Ma cos’è Vinitaly? Più volte ce lo siamo chiesti, e alla fine siamo arrivati alla conclusione forse più ovvia, e cioè che Vinitaly è lo specchio dell’Italia, e quindi implicitamente soggetto imprevedibile e multiforme, quella caratteristica che ci fa guardare da parte degli stranieri come se fossimo marziani o semplicemente genialoidi ma irrimediabilmente ambigui. È la fiera dedicata al vino più grande del mondo e, come detto, probabilmente in crescita di interesse; è la fiera in cui convivono gli sciami vocianti che inseguono sfiancati ma divertiti stand dopo stand, è un po’ Prowein, un po’ folklore, e un po’ democratica educazione alla bevuta di qualità. È orgoglio regionale negli stand, è curiosità ed ammirazione dell’altoatesino per il siciliano e viceversa, ossia collante nazionale.
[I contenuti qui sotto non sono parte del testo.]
(* Let $N$ be a power of $2$ and let $U$ be an orthogonal $N\times N$ matrix. Then there exists a quantum query algorithm making $O(k\cdot 4^k)$ quantum queries to the input $z=(z^{(1)},\dots,z^{(k)})\in\{-1,1\}^{kN}$ that solves the $k$-fold Rorrelation problem with respect to $U$ with success probability at least $2/3$ (i.e., it accepts every YES instance with probability at least $2/3$ and accepts every NO instance with probability at most $1/3$).
   Context: The $k$-fold Rorrelation of $z^{(1)},\dots,z^{(k)}\in\mathbb R^N$ with respect to an orthogonal $N\times N$ matrix $U$ is $\phi_U(z^{(1)},\dots,z^{(k)})=\frac1N\sum_{i_1,\dots,i_k\in[N]} z^{(1)}_{i_1}U_{i_1,i_2}z^{(2)}_{i_2}\cdots U_{i_{k-1},i_k}z^{(k)}_{i_k}$. The $k$-fold Rorrelation problem asks to distinguish YES instances $z\in\{-1,1\}^{kN}$ with $\phi_U(z)\ge 2^{-k}$ from NO instances with $|\phi_U(z)|\le\frac12\cdot 2^{-k}$. A quantum query to $z\in\{-1,1\}^{kN}$ applies the diagonal unitary $|i,w\rangle\mapsto z_i|i,w\rangle$, where $i\in[kN]$ and $w$ is an auxiliary workspace register; the algorithm may otherwise apply arbitrary unitaries independent of $z$. *)

theory Defs
  imports Complex_Main "HOL-Library.FuncSet"
begin

text \<open>Real N x N matrices are functions nat => nat => real, only entries with
  indices < N matter (0-based indices).\<close>

definition orthogonal_mat :: "nat \<Rightarrow> (nat \<Rightarrow> nat \<Rightarrow> real) \<Rightarrow> bool" where
  "orthogonal_mat N U \<longleftrightarrow>
     (\<forall>i<N. \<forall>j<N. (\<Sum>l<N. U l i * U l j) = (if i = j then 1 else 0))"
lemma mat_trace_outer_product_mult:
  assumes "v \<in> carrier_vec m" "S \<in> carrier_mat m m"
  shows "mat_trace (mat m m (\<lambda>(a, b). v $ a * cnj (v $ b)) * S) = (\<Sum>b<m. cnj (v $ b) * (S *\<^sub>v v) $ b)"
proof -
  have "mat_trace (mat m m (\<lambda>(a, b). v $ a * cnj (v $ b)) * S) = (\<Sum>a<m. \<Sum>b<m. v $ a * cnj (v $ b) * S $$ (b, a))"
    using assms by (auto simp: mat_trace_def scalar_prod_def lessThan_atLeast0 intro!: sum.cong)
  also have "\<dots> = (\<Sum>b<m. cnj (v $ b) * (\<Sum>a<m. S $$ (b, a) * v $ a))"
    by (subst sum.swap) (simp add: sum_distrib_left mult_ac)
  also have "\<dots> = (\<Sum>b<m. cnj (v $ b) * (S *\<^sub>v v) $ b)"
    using assms by (auto simp: scalar_prod_def lessThan_atLeast0 intro!: sum.cong)
  finally show ?thesis .
qed

lemma mat_trace_conj_pauli_at:
  assumes "i < n" "M \<in> carrier_mat (2 ^ n) (2 ^ n)"
  shows "mat_trace (pauli_at n i P * M * pauli_at n i P * pauli_tensor n tau)
       = comm_sign P (tau i) * mat_trace (M * pauli_tensor n tau)"
proof -
  let ?P = "pauli_at n i P" and ?T = "pauli_tensor n tau"
  have carriers: "?P \<in> carrier_mat (2 ^ n) (2 ^ n)" "?T \<in> carrier_mat (2 ^ n) (2 ^ n)"
    by simp_all
  have PM: "?P * M \<in> carrier_mat (2 ^ n) (2 ^ n)" and PT: "?P * ?T \<in> carrier_mat (2 ^ n) (2 ^ n)"
    using mult_carrier_mat[OF carriers(1) assms(2)] mult_carrier_mat[OF carriers] by simp_all
  have "?P * M * ?P * ?T = (?P * M) * (?P * ?T)"
    by (rule assoc_mult_mat[of _ "2 ^ n" "2 ^ n" _ "2 ^ n" _ "2 ^ n"]) (use PM in simp_all)
  then have "mat_trace (?P * M * ?P * ?T) = mat_trace ((?P * ?T) * (?P * M))"
    using mat_trace_mult_comm[OF PM PT] by simp
  also have "(?P * ?T) * (?P * M) = (?P * ?T * ?P) * M"
    by (rule assoc_mult_mat[symmetric, of _ "2 ^ n" "2 ^ n" _ "2 ^ n" _ "2 ^ n"]) (use PT assms(2) in simp_all)
  also have "mat_trace ((?P * ?T * ?P) * M) = comm_sign P (tau i) * mat_trace (?T * M)"
    using assms mult_carrier_mat[OF carriers(2) assms(2)]
    by (simp add: pauli_at_conj_pauli_tensor mult_smult_assoc_mat[of _ "2 ^ n" "2 ^ n"]
        mat_trace_smult[of _ "2 ^ n"] mult_carrier_mat)
  also have "mat_trace (?T * M) = mat_trace (M * ?T)"
    using assms(2) by (simp add: mat_trace_mult_comm[of _ "2 ^ n" "2 ^ n"])
  finally show ?thesis .
qed

definition depol_eigenvalue :: "real \<Rightarrow> pauli \<Rightarrow> real" where
  "depol_eigenvalue p Q = (if Q = PI then 1 else 1 - 4 / 3 * p)"

lemma depol_qubit_carrier [simp]:
  "M \<in> carrier_mat (2 ^ n) (2 ^ n) \<Longrightarrow> depol_qubit n p i M \<in> carrier_mat (2 ^ n) (2 ^ n)"
  unfolding depol_qubit_def by (intro add_carrier_mat smult_carrier_mat mult_carrier_mat) auto

lemma mat_trace_depol_qubit_pauli_tensor:
  assumes "i < n" "M \<in> carrier_mat (2 ^ n) (2 ^ n)"
  shows "mat_trace (depol_qubit n p i M * pauli_tensor n tau)
       = depol_eigenvalue p (tau i) * mat_trace (M * pauli_tensor n tau)"
proof -
  let ?T = "pauli_tensor n tau"
  have T: "?T \<in> carrier_mat (2 ^ n) (2 ^ n)"
    by simp
  define C where "C Q = pauli_at n i Q * M * pauli_at n i Q" for Q
  have C: "C Q \<in> carrier_mat (2 ^ n) (2 ^ n)" for Q
    unfolding C_def using assms(2) by (intro mult_carrier_mat) auto
  have CT: "C Q * ?T \<in> carrier_mat (2 ^ n) (2 ^ n)" for Q
    using mult_carrier_mat[OF C T] .
  have "depol_qubit n p i M * ?T
      = complex_of_real (1 - p) \<cdot>\<^sub>m (M * ?T) + complex_of_real (p / 3) \<cdot>\<^sub>m (C PX * ?T + C PY * ?T + C PZ * ?T)"
    unfolding depol_qubit_def C_def[symmetric] using C CT T assms(2)
    by (simp add: add_mult_distrib_mat[where nr = "2 ^ n" and n = "2 ^ n" and nc = "2 ^ n"]
        mult_smult_assoc_mat[where nr = "2 ^ n" and n = "2 ^ n" and nc = "2 ^ n"]
        add_carrier_mat assoc_add_mat[of _ "2 ^ n" "2 ^ n"])
  then have "mat_trace (depol_qubit n p i M * ?T) = complex_of_real (1 - p) * mat_trace (M * ?T)
      + complex_of_real (p / 3) * (mat_trace (C PX * ?T) + mat_trace (C PY * ?T) + mat_trace (C PZ * ?T))"
    using CT mult_carrier_mat[OF assms(2) T]
    by (simp add: mat_trace_add[of _ "2 ^ n"] mat_trace_smult[of _ "2 ^ n"] add_carrier_mat)
  then show ?thesis
    unfolding C_def using assms
    by (cases "tau i") (auto simp: mat_trace_conj_pauli_at comm_sign_def depol_eigenvalue_def algebra_simps)
qed

lemma foldr_depol_qubit_carrier:
  "M \<in> carrier_mat (2 ^ n) (2 ^ n) \<Longrightarrow> foldr (depol_qubit n p) is M \<in> carrier_mat (2 ^ n) (2 ^ n)"
  by (induction "is") auto

lemma mat_trace_foldr_depol_qubit_pauli_tensor:
  assumes "set is \<subseteq> {..<n}" "M \<in> carrier_mat (2 ^ n) (2 ^ n)"
  shows "mat_trace (foldr (depol_qubit n p) is M * pauli_tensor n tau)
       = (\<Prod>i\<leftarrow>is. depol_eigenvalue p (tau i)) * mat_trace (M * pauli_tensor n tau)"
  using assms(1)
  by (induction "is")
    (simp_all add: mat_trace_depol_qubit_pauli_tensor foldr_depol_qubit_carrier[OF assms(2)])

lemma mat_trace_depol_all_pauli_tensor:
  assumes "M \<in> carrier_mat (2 ^ n) (2 ^ n)"
  shows "mat_trace (depol_all n p M * pauli_tensor n tau)
       = complex_of_real ((1 - 4 / 3 * p) ^ card {i. i < n \<and> tau i \<noteq> PI}) * mat_trace (M * pauli_tensor n tau)"
proof -
  have "(\<Prod>i\<leftarrow>[0..<n]. depol_eigenvalue p (tau i)) = (\<Prod>i<n. depol_eigenvalue p (tau i))"
    by (simp add: prod.distinct_set_conv_list[symmetric] lessThan_atLeast0)
  also have "\<dots> = (\<Prod>i\<in>{i. i < n \<and> tau i \<noteq> PI}. 1 - 4 / 3 * p)"
    unfolding depol_eigenvalue_def by (rule prod.mono_neutral_cong_right) auto
  finally show ?thesis
    unfolding depol_all_def using assms
    by (simp add: mat_trace_foldr_depol_qubit_pauli_tensor lessThan_atLeast0)
qed

section \<open>The graph state and its stabilizers\<close>

lemma cz_carrier [simp]: "cz n i j \<in> carrier_mat (2 ^ n) (2 ^ n)"
  by (simp add: cz_def)

lemma index_cz_mult_vec:
  assumes "v \<in> carrier_vec (2 ^ n)" "a < 2 ^ n"
  shows "(cz n i j *\<^sub>v v) $ a = (-1) ^ (qbit a i * qbit a j) * v $ a"
proof -
  have "(cz n i j *\<^sub>v v) $ a = (\<Sum>b<2 ^ n. cz n i j $$ (a, b) * v $ b)"
    using assms carrier_matD[OF cz_carrier[of n i j]] by (auto simp: scalar_prod_def lessThan_atLeast0)
  also have "\<dots> = (\<Sum>b<2 ^ n. if b = a then (-1) ^ (qbit a i * qbit a j) * v $ b else 0)"
    using assms(2) qbit_cases[of a i] qbit_cases[of a j] by (intro sum.cong refl) (auto simp: cz_def)
  finally show ?thesis
    using assms(2) by simp
qed

definition graph_edge_set :: "nat \<Rightarrow> (nat \<Rightarrow> nat \<Rightarrow> bool) \<Rightarrow> (nat \<times> nat) set" where
  "graph_edge_set n E = {(u, w). u < w \<and> w < n \<and> E u w}"

lemma finite_graph_edge_set [simp]: "finite (graph_edge_set n E)"
  by (rule finite_subset[of _ "{..<n} \<times> {..<n}"]) (auto simp: graph_edge_set_def)

lemma set_graph_edges: "set (graph_edges n E) = graph_edge_set n E"
  by (auto simp: graph_edges_def graph_edge_set_def)

lemma distinct_graph_edges: "distinct (graph_edges n E)"
proof (induction n)
  case 0
  then show ?case by (simp add: graph_edges_def)
next
  case (Suc n)
  have "graph_edges (Suc n) E = graph_edges n E @ map (\<lambda>i. (i, n)) (filter (\<lambda>i. E i n) [0..<n])"
  proof -
    have "concat (map (\<lambda>i. if E i n then [(i, n)] else []) is) = map (\<lambda>i. (i, n)) (filter (\<lambda>i. E i n) is)"
      for "is" by (induction "is") auto
    then show ?thesis
      by (simp add: graph_edges_def)
  qed
  then show ?case
    using Suc by (auto simp: distinct_map inj_on_def set_graph_edges graph_edge_set_def)
qed

definition graph_sign :: "nat \<Rightarrow> (nat \<Rightarrow> nat \<Rightarrow> bool) \<Rightarrow> nat \<Rightarrow> complex" where
  "graph_sign n E a = (\<Prod>(u, w)\<in>graph_edge_set n E. (-1) ^ (qbit a u * qbit a w))"

lemma graph_state_carrier [simp]: "graph_state n E \<in> carrier_vec (2 ^ n)"
  and index_graph_state:
    "a < 2 ^ n \<Longrightarrow> graph_state n E $ a = complex_of_real (1 / sqrt (2 ^ n)) * graph_sign n E a"
proof -
  let ?f = "\<lambda>(i, j) v. cz n i j *\<^sub>v v"
  have foldr_cz: "foldr ?f es (plus_state n) \<in> carrier_vec (2 ^ n) \<and>
    (\<forall>a < 2 ^ n. foldr ?f es (plus_state n) $ a
       = complex_of_real (1 / sqrt (2 ^ n)) * (\<Prod>(u, w)\<leftarrow>es. (-1) ^ (qbit a u * qbit a w)))" for es
  proof (induction es)
    case Nil
    then show ?case by (simp add: plus_state_def)
  next
    case (Cons e es)
    obtain i j where e: "e = (i, j)"
      by fastforce
    let ?v = "foldr ?f es (plus_state n)"
    have "?v \<in> carrier_vec (2 ^ n)"
      using Cons by blast
    then show ?case
      using Cons mult_mat_vec_carrier[OF cz_carrier]
      by (simp add: e index_cz_mult_vec mult_ac del: index_mult_mat_vec)
  qed
  then show "graph_state n E \<in> carrier_vec (2 ^ n)"
    unfolding graph_state_def by blast
  show "graph_state n E $ a = complex_of_real (1 / sqrt (2 ^ n)) * graph_sign n E a" if "a < 2 ^ n"
    using foldr_cz[of "graph_edges n E"] that
    unfolding graph_state_def graph_sign_def set_graph_edges[symmetric]
    by (simp add: prod.distinct_set_conv_list[OF distinct_graph_edges])
qed

lemma dim_vec_graph_state [simp]: "dim_vec (graph_state n E) = 2 ^ n"
  by (rule carrier_vecD[OF graph_state_carrier])

lemma prod_graph_edge_set_incident:
  fixes f :: "nat \<Rightarrow> 'a::comm_monoid_mult"
  assumes "simple_graph n E" "i < n"
  shows "(\<Prod>(u, w)\<in>graph_edge_set n E. (if u = i then f w else 1) * (if w = i then f u else 1))
       = (\<Prod>j | j < n \<and> E i j. f j)"
proof -
  let ?g = "\<lambda>(u, w). (if u = i then f w else 1) * (if w = i then f u else 1)"
  let ?incident = "{e \<in> graph_edge_set n E. fst e = i \<or> snd e = i}"
  \<comment> \<open>each edge is stored once, as (smaller endpoint, larger endpoint)\<close>
  let ?edge = "\<lambda>j. if j < i then (j, i) else (i, j)"
  have E: "E u w \<Longrightarrow> E w u \<and> u \<noteq> w \<and> u < n \<and> w < n" for u w
    using assms(1) unfolding simple_graph_def by blast
  have "(\<Prod>e\<in>graph_edge_set n E. ?g e) = (\<Prod>e\<in>?incident. ?g e)"
    by (rule prod.mono_neutral_right) (auto split: if_splits)
  also have "\<dots> = (\<Prod>j | j < n \<and> E i j. ?g (?edge j))"
  proof (rule prod.reindex_bij_betw[symmetric])
    show "bij_betw ?edge {j. j < n \<and> E i j} ?incident"
    proof (rule bij_betwI[where g = "\<lambda>(u, w). if u = i then w else u"])
      show "?edge \<in> {j. j < n \<and> E i j} \<rightarrow> ?incident"
        using E by (fastforce simp: graph_edge_set_def nat_neq_iff split: if_splits)
      show "(\<lambda>(u, w). if u = i then w else u) \<in> ?incident \<rightarrow> {j. j < n \<and> E i j}"
        using E by (auto simp: graph_edge_set_def)
    qed (use E in \<open>auto simp: graph_edge_set_def\<close>)
  qed
  also have "\<dots> = (\<Prod>j | j < n \<and> E i j. f j)"
    using E by (intro prod.cong) auto
  finally show ?thesis .
qed

lemma graph_sign_flip_bit:
  assumes "simple_graph n E" "i < n"
  shows "graph_sign n E (flip_bit i a) = graph_sign n E a * (\<Prod>j | j < n \<and> E i j. (-1) ^ qbit a j)"
proof -
  let ?h = "\<lambda>(u, w). (if u = i then (-1) ^ qbit a w else 1) * (if w = i then (-1::complex) ^ qbit a u else 1)"
  have "(-1) ^ (qbit (flip_bit i a) u * qbit (flip_bit i a) w) = (-1) ^ (qbit a u * qbit a w) * ?h (u, w)"
    if "(u, w) \<in> graph_edge_set n E" for u w
    using that qbit_cases[of a u] qbit_cases[of a w] qbit_cases[of a i]
    by (auto simp: qbit_flip_bit graph_edge_set_def)
  then have "graph_sign n E (flip_bit i a) = graph_sign n E a * (\<Prod>e\<in>graph_edge_set n E. ?h e)"
    unfolding graph_sign_def prod.distrib[symmetric] by (intro prod.cong) auto
  also have "(\<Prod>e\<in>graph_edge_set n E. ?h e) = (\<Prod>j | j < n \<and> E i j. (-1) ^ qbit a j)"
    by (rule prod_graph_edge_set_incident[OF assms])
  finally show ?thesis .
qed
Il rovescio della medaglia è che il multiforme può nascondere in realtà l’amorfo, l’incapacità di scegliere una strada netta e certa fra, ad esempio, un sano bagno di folla, veline, long drink, spettacolini, e una (difficile) via italiana alla serietà della kermesse di Dusseldorf. L’ambiguità, si diceva, di un luogo che sembra allegramente democratico, ma che in realtà è spesso impenetrabile, dove teoricamente si dovrebbe essere tutti uguali ma dove in realtà si intravedono gli inaccessibili privé delle aziende dove si fanno i veri giochi. E il privé inaccessibile e scostante, ma indispensabile per il B2B con il cliente che conta, potrebbe essere svincolato o scorporato dalla caciara dei gruppi allegramente alticci quando arrivano le cinque del pomeriggio, o sono piuttosto irrimediabilmente legati, come i successi e la disorganizzazione che convivono da sempre nel miglior luogo comune dell’Italia?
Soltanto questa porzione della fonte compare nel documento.